La semana pasada Zapatero cenó con Abdulá, rey de Arabia Saudí. De forma indirecta también asistió a la cita el rey de España, pues por medio del presidente envió una carta afectuosa a su colega del desierto. Hermano, le llama. El agasajo tiene un objetivo pecuniario: se trata de convencer al sátrapa de las bondades de un consorcio español que opta a la adjudicación de la construcción del tren entre Medina y La Meca. Empresas como OHL, Indra, Renfe y Adif anhelan ese contrato de 6.500 millones de euros. Compañías alemanas y francesas sueñan con llevarse el camello al agua, y en verano se sabrá si han servido las lisonjas. Igual cae un reintegro.

Tras la votación suiza acerca de los alminares se oye mucho la palabra reciprocidad. Unos defienden el derecho de los musulmanes a propagar su credo en los países de cultura cristiana. Otros piden que a cambio los cristianos puedan hacer lo mismo en el orbe musulmán. Usted me planta una mezquita frente a la plaza de toros siempre que permita construir mi iglesia junto a su oasis. Allá lejos nadie se plantea esa correspondencia teológica. No les hace falta.

Los amos del petrodólar saben que el principal dios de Estrasburgo no está en el cielo: está en el banco. Y que mientras se hagan gigantescos negocios en las dunas ningún monarca de la vieja Cristiandad les exigirá libertad religiosa. Y que antes de mencionar tarifas ningún político osará solicitar clemencia para los perseguidos por el terrible delito de vender biblias.
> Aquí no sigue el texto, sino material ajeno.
lemma span_singleton_scale:
  assumes "k \<noteq> 0"
  shows "vec.span {k *s x} = vec.span {x :: 'a::field^'n}"
proof -
  have "x = (1 / k) *s (k *s x)"
    using assms by simp
  also have "\<dots> \<in> vec.span {k *s x}"
    by (intro vec.span_scale vec.span_base) simp
  finally have "x \<in> vec.span {k *s x}" .
  moreover have "k *s x \<in> vec.span {x}"
    by (simp add: vec.span_base vec.span_scale)
  ultimately show ?thesis
    unfolding vec.span_eq by simp
qed

lemma span_singleton_eq_imp_scale:
  assumes "vec.span {x} = vec.span {y}"
  shows "\<exists>k. y = k *s (x::'a::field^'n)"
proof -
  have "y \<in> vec.span {x}"
    using assms by (simp add: vec.span_base)
  then show ?thesis
    unfolding vec.span_singleton by blast
qed

lemma columns_matrix_mult_vector:
  "transpose (vector [x, y, z]) *v (v::'a::field^3) = v$1 *s x + v$2 *s y + v$3 *s (z::'a^3)"
  by (simp add: vec_eq_iff matrix_vector_mult_def sum_3 transpose_def algebra_simps)

lemma lincomb3_eq_0_imp:
  fixes x y z :: "'a::field^3"
  assumes x: "x \<noteq> 0" and y: "y \<notin> vec.span {x}" and z: "z \<notin> vec.span {x, y}"
    and lincomb: "a *s x + b *s y + c *s z = 0"
  shows "a = 0 \<and> b = 0 \<and> c = 0"
proof -
  have c: "c = 0"
  proof (rule ccontr)
    assume "c \<noteq> 0"
    then have "z = (1 / c) *s (c *s z)"
      by simp
    also have "c *s z = - (a *s x) - b *s y"
      using lincomb by (simp add: algebra_simps eq_neg_iff_add_eq_0)
    finally have "z = (- a / c) *s x + (- b / c) *s y"
      by (simp add: vec.scale_right_diff_distrib algebra_simps)
    moreover have "(- a / c) *s x + (- b / c) *s y \<in> vec.span {x, y}"
      by (intro vec.span_add vec.span_scale) (auto intro: vec.span_base)
    ultimately show False
      using z by simp
  qed
  have b: "b = 0"
  proof (rule ccontr)
    assume "b \<noteq> 0"
    then have "y = (1 / b) *s (b *s y)"
      by simp
    also have "b *s y = - (a *s x)"
      using lincomb c by (simp add: algebra_simps eq_neg_iff_add_eq_0)
    finally have "y = (- a / b) *s x"
      by (simp add: algebra_simps)
    moreover have "(- a / b) *s x \<in> vec.span {x}"
      by (intro vec.span_scale vec.span_base) simp
    ultimately show False
      using y by simp
  qed
  then show ?thesis
    using lincomb c x by simp
qed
Los amos del petrodólar también saben que al dios sustituto, el de la Razón, lo adoramos a ratos y a conveniencia. Y que ningún gerifalte europeo dejará de firmar convenios porque las mujeres de Riad tengan prohibido el coche y los homosexuales el amor. Aquí no importa la pila bautismal, sino el pozo de petróleo. Demagogia, maniqueísmo, sí, lo que usted quiera, pero es verdad. Bien lo sabe el polígamo dueño del grifo, exportador de integrismo en su tiempo libre. Y así no hay quien le toque el minarete.